By default, `quilt build` converts some file types (e.g., csv, tsv) to Pandas DataFrames using `pandas.read_csv`. Sometimes, usually due to columns of mixed types, pandas will throw an exception during `quilt build`. In such cases it's helpful to include column types in `build.yml` by adding a `dtype` parameter:

```yaml
  contents:
    iris:
      file: iris.data
      transform: csv
      kwargs:
        header:
        dtype:
          sepal_length: float
          sepal_width: float
          petal_length: float
          petal_width: float
          class: str
```

`dtype` takes a dict where keys are column names and values are valid Pandas column types:

* int
* bool
* float
* complex
* str
* unicode
* buffer

See also [dtypes](https://docs.scipy.org/doc/numpy/reference/arrays.dtypes.html).

## Glob and wildcard matching

If a string containing wildcards is used as a node name, it will be matched against the build directory. The filename of any matching path, minus the extension, will be used as the nodename. As when specifying a single data node, `kwargs` and `transform` may be used to specify how the file should be read.

The following standard wildcard strings are accepted:

* `**` - Match current dir and all subdirs, recursively
* `*` - Match any one or more characters
* `?` - Match any single character
* `[X]` (where X is any number of characters) - Match any one character contained in X
* `[!X]` (where X is any number of characters) - Exclude any one character contained in X

All wildcards except `**` act in the current directory alone, so `*` does not match `subdir/foo/file.ext`, but `subdir/foo/*` and `**/*.ext` do.
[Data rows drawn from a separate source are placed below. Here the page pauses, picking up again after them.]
lemma (in prob_space) prob_step_up_index_le_sum_remove:
  fixes X :: "nat \<Rightarrow> 'a \<Rightarrow> real"
  assumes "finite I" and "card I \<le> N" and "mono s"
    and "indep_vars (\<lambda>_. borel) X I" and "\<And>i. i \<in> I \<Longrightarrow> X i \<in> borel_measurable M"
    and "\<And>i. i \<in> I \<Longrightarrow> prob {\<omega> \<in> space M. X i \<omega> \<le> s r} \<le> p"
  shows "real r * prob {\<omega> \<in> space M. step_up_index s N 0 (\<lambda>j. X j \<omega>) I r}
    \<le> p * (\<Sum>i\<in>I. prob {\<omega> \<in> space M. step_up_index s N 1 (\<lambda>j. X j \<omega>) (I - {i}) r})"
proof -
  define E where "E = {\<omega> \<in> space M. step_up_index s N 0 (\<lambda>j. X j \<omega>) I r}"
  define E' where "E' i = {\<omega> \<in> space M. step_up_index s N 1 (\<lambda>j. X j \<omega>) (I - {i}) r}" for i
  have E_event: "E \<in> events"
    unfolding E_def using assms(1,5) by (rule sets_step_up_index)
  have "real r * prob E = (\<Sum>i\<in>I. prob (E \<inter> {\<omega> \<in> space M. X i \<omega> \<le> s r}))"
  proof (rule sum_measure_Int_eq_card[symmetric])
    fix \<omega> assume "\<omega> \<in> E"
    then have "card {j \<in> I. X j \<omega> \<le> s r} = r"
      unfolding E_def using assms(1-3) by (intro step_up_index_card_eq) auto
    then show "card {i \<in> I. \<omega> \<in> {\<omega> \<in> space M. X i \<omega> \<le> s r}} = r"
      using \<open>\<omega> \<in> E\<close> by (simp add: E_def)
  qed (use assms(1,5) E_event in auto)
  also have "\<dots> = (\<Sum>i\<in>I. prob {\<omega> \<in> space M. X i \<omega> \<in> {..s r} \<and>
      step_up_index s N 1 (\<lambda>j. X j \<omega>) (I - {i}) r})"
    using step_up_index_remove[OF assms(3,1)] unfolding E_def
    by (intro sum.cong refl arg_cong[where f=prob]) auto
  also have "\<dots> = (\<Sum>i\<in>I. prob {\<omega> \<in> space M. X i \<omega> \<in> {..s r}} * prob (E' i))"
  proof (intro sum.cong refl)
    fix i assume "i \<in> I"
    have "(\<lambda>y. y j) \<in> borel_measurable (PiM (I - {i}) (\<lambda>_. borel))" if "j \<in> I - {i}" for j
      using that by (rule measurable_component_singleton)
    then have rest_event: "{y \<in> space (PiM (I - {i}) (\<lambda>_. borel)). step_up_index s N 1 y (I - {i}) r}
        \<in> sets (PiM (I - {i}) (\<lambda>_. borel))"
      using sets_step_up_index[of "I - {i}" "\<lambda>j y. y j"] assms(1) by simp
    show "prob {\<omega> \<in> space M. X i \<omega> \<in> {..s r} \<and> step_up_index s N 1 (\<lambda>j. X j \<omega>) (I - {i}) r}
        = prob {\<omega> \<in> space M. X i \<omega> \<in> {..s r}} * prob (E' i)"
      unfolding E'_def
      by (rule indep_vars_prob_component_rest[where Q="\<lambda>y. step_up_index s N 1 y (I - {i}) r",
            OF assms(4) \<open>i \<in> I\<close> _ rest_event step_up_index_restrict]) simp
  qed
  also have "\<dots> \<le> (\<Sum>i\<in>I. p * prob (E' i))"
    using assms(6) by (intro sum_mono mult_right_mono) auto
  finally show ?thesis
    by (simp add: E_def E'_def sum_distrib_left)
qed

lemma (in prob_space) prob_ex_step_up_index_le:
  fixes X :: "nat \<Rightarrow> 'a \<Rightarrow> real"
  assumes "finite I" and "card I = N" and "mono s" and "0 \<le> \<alpha>"
    and "indep_vars (\<lambda>_. borel) X I" and "\<And>i. i \<in> I \<Longrightarrow> X i \<in> borel_measurable M"
    and "\<And>i r. i \<in> I \<Longrightarrow> r \<in> {1..N} \<Longrightarrow> prob {\<omega> \<in> space M. X i \<omega> \<le> s r} \<le> \<alpha> * r / N"
  shows "prob {\<omega> \<in> space M. \<exists>r\<in>{1..N}. step_up_index s N 0 (\<lambda>j. X j \<omega>) I r} \<le> \<alpha>"
proof -
  define E where "E r = {\<omega> \<in> space M. step_up_index s N 0 (\<lambda>j. X j \<omega>) I r}" for r
  define E' where "E' i r = {\<omega> \<in> space M. step_up_index s N 1 (\<lambda>j. X j \<omega>) (I - {i}) r}" for i r
  have "prob {\<omega> \<in> space M. \<exists>r\<in>{1..N}. step_up_index s N 0 (\<lambda>j. X j \<omega>) I r} = prob (\<Union>r\<in>{1..N}. E r)"
    unfolding E_def by (rule arg_cong[where f=prob]) auto
  also have "\<dots> \<le> (\<Sum>r\<in>{1..N}. prob (E r))"
    unfolding E_def using sets_step_up_index[OF assms(1,6)]
    by (intro finite_measure_subadditive_finite) auto
  also have "\<dots> \<le> (\<Sum>r\<in>{1..N}. \<alpha> / N * (\<Sum>i\<in>I. prob (E' i r)))"
  proof (rule sum_mono)
    fix r assume r: "r \<in> {1..N}"
    have "real r * prob (E r) \<le> \<alpha> * r / N * (\<Sum>i\<in>I. prob (E' i r))"
      unfolding E_def E'_def using assms(1-3,5,6) assms(7)[OF _ r]
      by (intro prob_step_up_index_le_sum_remove) auto
    also have "\<dots> = real r * (\<alpha> / N * (\<Sum>i\<in>I. prob (E' i r)))"
      by simp
    finally show "prob (E r) \<le> \<alpha> / N * (\<Sum>i\<in>I. prob (E' i r))"
      by (rule mult_left_le_imp_le) (use r in simp)
  qed
  also have "\<dots> = \<alpha> / N * (\<Sum>i\<in>I. \<Sum>r\<in>{1..N}. prob (E' i r))"
    by (simp add: sum_distrib_left sum.swap[of _ I])
  also have "\<dots> \<le> \<alpha> / N * (\<Sum>i\<in>I. 1)"
    unfolding E'_def using assms(1,4,6)
    by (intro mult_left_mono sum_mono sum_prob_step_up_index_le_1) auto
  also have "\<dots> \<le> \<alpha>"
    using assms(2,4) by (cases "N = 0") simp_all
  finally show ?thesis .
qed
If provided, `transform` and any specific `kwargs` are used with each matched file. Otherwise, the parent (or default) `transform` and `kwargs` will be used.

Finally, if matching results in identical node names, the nodes are renamed in a consistent manner (paths are sorted lexicographically), and any duplicate names are numbered. So for files "foo.txt" and "subdir/foo.txt", the result is "foo" (from foo.txt) and "foo\_2" (from "subdir/foo.txt"). The naming behavior is consistent across platforms.